A Delegacia de Homicídios encontrou evidências de que estojos de munição de uma mesma arma, um fuzil calibre 7,62, foram utilizados em seis execuções e uma tentativa de homicídio. Carro com marcas de bala perto do lugar onde Marquinho Catiri foi morto, na Zona Norte do Rio, em 2022
Reprodução
A Delegacia de Homicídios encontrou evidências de que estojos de munição de uma mesma arma, um fuzil calibre 7,62, foram utilizados em seis homicídios e uma tentativa de homicídio entre 2022 e 2023.
Nas munições analisadas pelo Instituto de Criminalística Carlos Éboli, foram encontradas semelhanças entre os estojos de munição utilizados nesses crimes.
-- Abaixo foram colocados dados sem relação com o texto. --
lemma compactly_approximable_divide_poly:
  assumes "Q \<noteq> 0" "entire F" "\<And>a. a \<in> A \<Longrightarrow> entire a"
    and "compactly_approximable ((\<lambda>a z. poly Q z * a z) ` A) F"
  shows "\<exists>g. entire g \<and> (\<forall>z. F z = poly Q z * g z) \<and> compactly_approximable A g"
  using assms
proof (induction "degree Q" arbitrary: Q F rule: less_induct)
  case less
  show ?case
  proof (cases "degree Q = 0")
    case True
    then obtain c where Q: "Q = [:c:]" "c \<noteq> 0" using less.prems(1) by (metis degree_eq_zeroE pCons_0_0)
    have "compactly_approximable ((\<lambda>b z. 0 + inverse c * b z) ` (\<lambda>a z. poly Q z * a z) ` A)
        (\<lambda>z. 0 + inverse c * F z)"
      by (intro compactly_approximable_affine less.prems(4) continuous_intros)
    moreover have "(\<lambda>b z. 0 + inverse c * b z) ` (\<lambda>a z. poly Q z * a z) ` A = A"
      using Q by (simp add: image_image field_simps)
    ultimately have "compactly_approximable A (\<lambda>z. inverse c * F z)" by simp
    moreover have "entire (\<lambda>z. inverse c * F z)"
      using less.prems(2) unfolding entire_def by (intro holomorphic_intros) auto
    moreover have "F z = poly Q z * (inverse c * F z)" for z using Q by simp
    ultimately show ?thesis by blast
  next
    case False
    then obtain a Q' where Q: "Q = [:-a, 1:] * Q'" "Q' \<noteq> 0" "degree Q' < degree Q"
      by (rule linear_factorE)
    have "F a = 0"
      by (rule compactly_approximable_vanishing[OF less.prems(4)]) (auto simp: Q(1))
    then obtain F1 where F1: "entire F1" "\<And>z. F z = (z - a) * F1 z"
      using entire_divide_linear[OF less.prems(2), of a] by (metis add_0)
    let ?B = "(\<lambda>b z. poly Q' z * b z) ` A"
    have "(\<lambda>b z. (z - a) * b z) ` ?B = (\<lambda>b z. poly Q z * b z) ` A"
      unfolding Q(1) by (simp add: image_image algebra_simps)
    moreover have "F = (\<lambda>z. (z - a) * F1 z)" using F1(2) by (rule ext)
    ultimately have "compactly_approximable ((\<lambda>b z. (z - a) * b z) ` ?B) (\<lambda>z. (z - a) * F1 z)"
      using less.prems(4) by simp
    moreover have "entire b" if "b \<in> ?B" for b
      using that less.prems(3) unfolding entire_def by (auto intro!: holomorphic_intros)
    ultimately have "compactly_approximable ?B F1"
      using compactly_approximable_cancel_linear[OF F1(1)] by blast
    then obtain g where g: "entire g" "\<forall>z. F1 z = poly Q' z * g z" "compactly_approximable A g"
      using less.hyps[OF Q(3) Q(2) F1(1) less.prems(3)] by blast
    have "F z = poly Q z * g z" for z
      using F1(2)[of z] g(2) unfolding Q(1) by (simp add: algebra_simps)
    thus ?thesis using g(1,3) by blast
  qed
qed

section \<open>Closedness of the spaces in \<open>S\<close>\<close>

definition poly_closed :: "complex poly set \<Rightarrow> bool" where
  "poly_closed W \<longleftrightarrow> (\<forall>w. compactly_approximable (poly ` W) (poly w) \<longrightarrow> w \<in> W)"

definition poly_subspace :: "complex poly set \<Rightarrow> bool" where
  "poly_subspace W \<longleftrightarrow> 0 \<in> W \<and> (\<forall>u\<in>W. \<forall>v\<in>W. u + v \<in> W) \<and> (\<forall>c. \<forall>v\<in>W. smult c v \<in> W)"

lemma poly_closedD: "poly_closed W \<Longrightarrow> compactly_approximable (poly ` W) (poly w) \<Longrightarrow> w \<in> W"
  unfolding poly_closed_def by blast

lemma poly_subspace_diff:
  assumes "poly_subspace W" "u \<in> W" "v \<in> W"
  shows "u - v \<in> W"
proof -
  have "u + smult (-1) v \<in> W" using assms unfolding poly_subspace_def by blast
  thus ?thesis by simp
qed

lemma poly_closed_multiples:
  fixes rho :: "complex poly"
  assumes "rho \<noteq> 0"
  shows "poly_closed {w. rho dvd w}"
  unfolding poly_closed_def
proof (intro allI impI)
  fix y
  assume "compactly_approximable (poly ` {w. rho dvd w}) (poly y)"
  moreover have "poly ` {w. rho dvd w} \<subseteq> (\<lambda>a z. poly rho z * a z) ` range poly"
  proof
    fix f assume "f \<in> poly ` {w. rho dvd w}"
    then obtain q where "f = poly (rho * q)" by (auto elim: dvdE)
    thus "f \<in> (\<lambda>a z. poly rho z * a z) ` range poly"
      by (intro image_eqI[of _ _ "poly q"]) (auto simp: fun_eq_iff)
  qed
  ultimately have approx: "compactly_approximable ((\<lambda>a z. poly rho z * a z) ` range poly) (poly y)"
    by (rule compactly_approximable_mono)
  have "\<And>a. a \<in> range poly \<Longrightarrow> entire a" by auto
  then obtain g where "entire g" "\<forall>z. poly y z = poly rho z * g z"
    using compactly_approximable_divide_poly[OF assms entire_poly _ approx] by blast
  thus "y \<in> {w. rho dvd w}"
    using poly_dvd_if_continuous_quotient[OF assms entire_imp_continuous_on, of g y] by simp
qed

lemma poly_closed_limit_of_line_approximants:
  assumes W: "poly_closed W" "\<And>n. w n \<in> W"
    and approx: "\<And>n z. z \<in> cball 0 (real n) \<Longrightarrow>
      norm (poly y z - poly (w n) z - c n * poly x z) < 1 / (real n + 1)"
    and lim: "strict_mono r" "(c \<circ> r) \<longlonglongrightarrow> l"
  shows "y - smult l x \<in> W"
proof (rule poly_closedD[OF W(1)], rule compactly_approximableI)
  fix K :: "complex set" and e :: real
  assume K: "compact K" and e: "e > 0"
  obtain X where X: "X > 0" "\<And>z. z \<in> K \<Longrightarrow> norm (poly x z) \<le> X"
    using compact_norm_bound[OF K entire_imp_continuous_on[OF entire_poly]] by blast
  obtain R where R: "K \<subseteq> ball 0 R" using bounded_subset_ballD[OF compact_imp_bounded[OF K]] by blast
  have "e / (2 * X) > 0" using e X(1) by simp
  then obtain N1 where N1: "\<And>n. n \<ge> N1 \<Longrightarrow> norm (c (r n) - l) < e / (2 * X)"
    using LIMSEQ_D[OF lim(2)] by auto
  define n where "n = max N1 (nat \<lceil>max R (2 / e)\<rceil>)"
  have "nat \<lceil>max R (2 / e)\<rceil> \<le> r n" using seq_suble[OF lim(1), of n] unfolding n_def by simp
  hence "real (nat \<lceil>max R (2 / e)\<rceil>) \<le> real (r n)" by simp
  hence big: "max R (2 / e) \<le> real (r n)" using real_nat_ceiling_ge[of "max R (2 / e)"] by linarith
  hence Kn: "K \<subseteq> cball 0 (real (r n))" using R by (auto simp: subset_iff)
  have "2 / e < real (r n) + 1" using big by linarith
  hence small: "1 / (real (r n) + 1) < e / 2" using e by (simp add: field_simps)
  have "norm (poly (y - smult l x) z - poly (w (r n)) z) < e" if z: "z \<in> K" for z
  proof -
    have "poly (y - smult l x) z - poly (w (r n)) z =
        (poly y z - poly (w (r n)) z - c (r n) * poly x z) + (c (r n) - l) * poly x z"
      by (simp add: algebra_simps)
    hence "norm (poly (y - smult l x) z - poly (w (r n)) z) \<le>
        norm (poly y z - poly (w (r n)) z - c (r n) * poly x z) + norm ((c (r n) - l) * poly x z)"
      by (simp only: norm_triangle_ineq)
    moreover have "norm (poly y z - poly (w (r n)) z - c (r n) * poly x z) < 1 / (real (r n) + 1)"
      using approx Kn z by blast
    moreover have "norm ((c (r n) - l) * poly x z) \<le> e / (2 * X) * X"
      unfolding norm_mult using N1[of n] X z e unfolding n_def by (intro mult_mono) auto
    moreover have "e / (2 * X) * X = e / 2" using X(1) by simp
    ultimately show ?thesis using small by linarith
  qed
  thus "\<exists>v\<in>poly ` W. \<forall>z\<in>K. norm (poly (y - smult l x) z - v z) < e"
    using W(2) by (intro bexI[of _ "poly (w (r n))"]) auto
qed

text \<open>Bolzano--Weierstrass on the bounded coefficients of the approximants.\<close>

lemma approximable_by_line_bounded_coeff:
  assumes "poly_closed W"
    and "compactly_approximable (poly ` {w + smult c x | w c. w \<in> W \<and> norm c \<le> B}) (poly y)"
  shows "\<exists>l. y - smult l x \<in> W"
proof -
  have "\<exists>w c. w \<in> W \<and> norm c \<le> B \<and>
      (\<forall>z\<in>cball 0 (real n). norm (poly y z - poly w z - c * poly x z) < 1 / (real n + 1))" for n
  proof -
    have "1 / (real n + 1) > 0" by simp
    then obtain v where "v \<in> poly ` {w + smult c x | w c. w \<in> W \<and> norm c \<le> B}"
        "\<forall>z\<in>cball 0 (real n). norm (poly y z - v z) < 1 / (real n + 1)"
      using compactly_approximableD[OF assms(2) compact_cball[of 0 "real n"]] by blast
    moreover from this(1) obtain w c where "w \<in> W" "norm c \<le> B" "v = poly (w + smult c x)" by blast
    ultimately show ?thesis by (intro exI[of _ w] exI[of _ c]) (auto simp: algebra_simps)
  qed
  then obtain w c where wc: "\<And>n. w n \<in> W" "\<And>n. norm (c n) \<le> B"
    "\<And>n z. z \<in> cball 0 (real n) \<Longrightarrow> norm (poly y z - poly (w n) z - c n * poly x z) < 1 / (real n + 1)"
    by metis
  have "\<forall>n. c n \<in> cball 0 B" using wc(2) by simp
  then obtain l r where "strict_mono r" "(c \<circ> r) \<longlonglongrightarrow> l"
    using seq_compactE[OF compact_imp_seq_compact[OF compact_cball]] by blast
  thus ?thesis
    using poly_closed_limit_of_line_approximants[where w = w and c = c, OF assms(1) wc(1) wc(3)] by blast
qed

lemma approximant_with_large_coeff:
  assumes y: "compactly_approximable (poly ` {w + smult c x | w c. w \<in> W}) (poly y)"
    and unbounded: "\<not> compactly_approximable (poly ` {w + smult c x | w c. w \<in> W \<and> norm c \<le> B}) (poly y)"
    and K': "compact K'"
  obtains w c where "w \<in> W" "norm c > B" "\<forall>z\<in>K'. norm (poly y z - poly (w + smult c x) z) < 1"
proof -
  obtain K e where Ke: "compact K" "e > 0"
    "\<not> (\<exists>v\<in>poly ` {w + smult c x | w c. w \<in> W \<and> norm c \<le> B}. \<forall>z\<in>K. norm (poly y z - v z) < e)"
    using unbounded unfolding compactly_approximable_def by blast
  have "min e 1 > 0" using Ke(2) by simp
  then obtain v where v: "v \<in> poly ` {w + smult c x | w c. w \<in> W}" "\<forall>z\<in>K \<union> K'. norm (poly y z - v z) < min e 1"
    using compactly_approximableD[OF y compact_Un[OF Ke(1) K']] by blast
  then obtain w c where "w \<in> W" "v = poly (w + smult c x)" by blast
  with v(2) have wc: "w \<in> W" "\<forall>z\<in>K \<union> K'. norm (poly y z - poly (w + smult c x) z) < min e 1"
    by simp_all
  have "norm c > B"
  proof (rule ccontr)
    assume "\<not> norm c > B"
    have "\<exists>v\<in>poly ` {w + smult c x | w c. w \<in> W \<and> norm c \<le> B}. \<forall>z\<in>K. norm (poly y z - v z) < e"
    proof (rule bexI[of _ "poly (w + smult c x)"])
      show "\<forall>z\<in>K. norm (poly y z - poly (w + smult c x) z) < e" using wc(2) by auto
      show "poly (w + smult c x) \<in> poly ` {w + smult c x | w c. w \<in> W \<and> norm c \<le> B}"
        using wc(1) \<open>\<not> norm c > B\<close> by (intro imageI CollectI exI[of _ w] exI[of _ c]) simp
    qed
    with Ke(3) show False by contradiction
  qed
  moreover have "\<forall>z\<in>K'. norm (poly y z - poly (w + smult c x) z) < 1" using wc(2) by auto
  ultimately show ?thesis using that wc(1) by blast
qed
De acordo com documentos da Delegacia de Homicídios da Capital enviados à Justiça do Rio, um confronto balístico encontrou, entre agosto e novembro deste ano, indícios de utilização do armamento em quatro mortes investigadas pela especializada:
O miliciano Marquinhos Catiri, em 2022, que era braço armado do bicheiro Bernardo Bello
Fernando Marcos Ferreira Ribeiro , que trabalhava para o grupo de Bernardo Bello
Alex Sandro José da Silva, o Sandrinho, que era segurança de Catiri
O inspetor penitenciário Bruno Kilier Fernandes em 2023.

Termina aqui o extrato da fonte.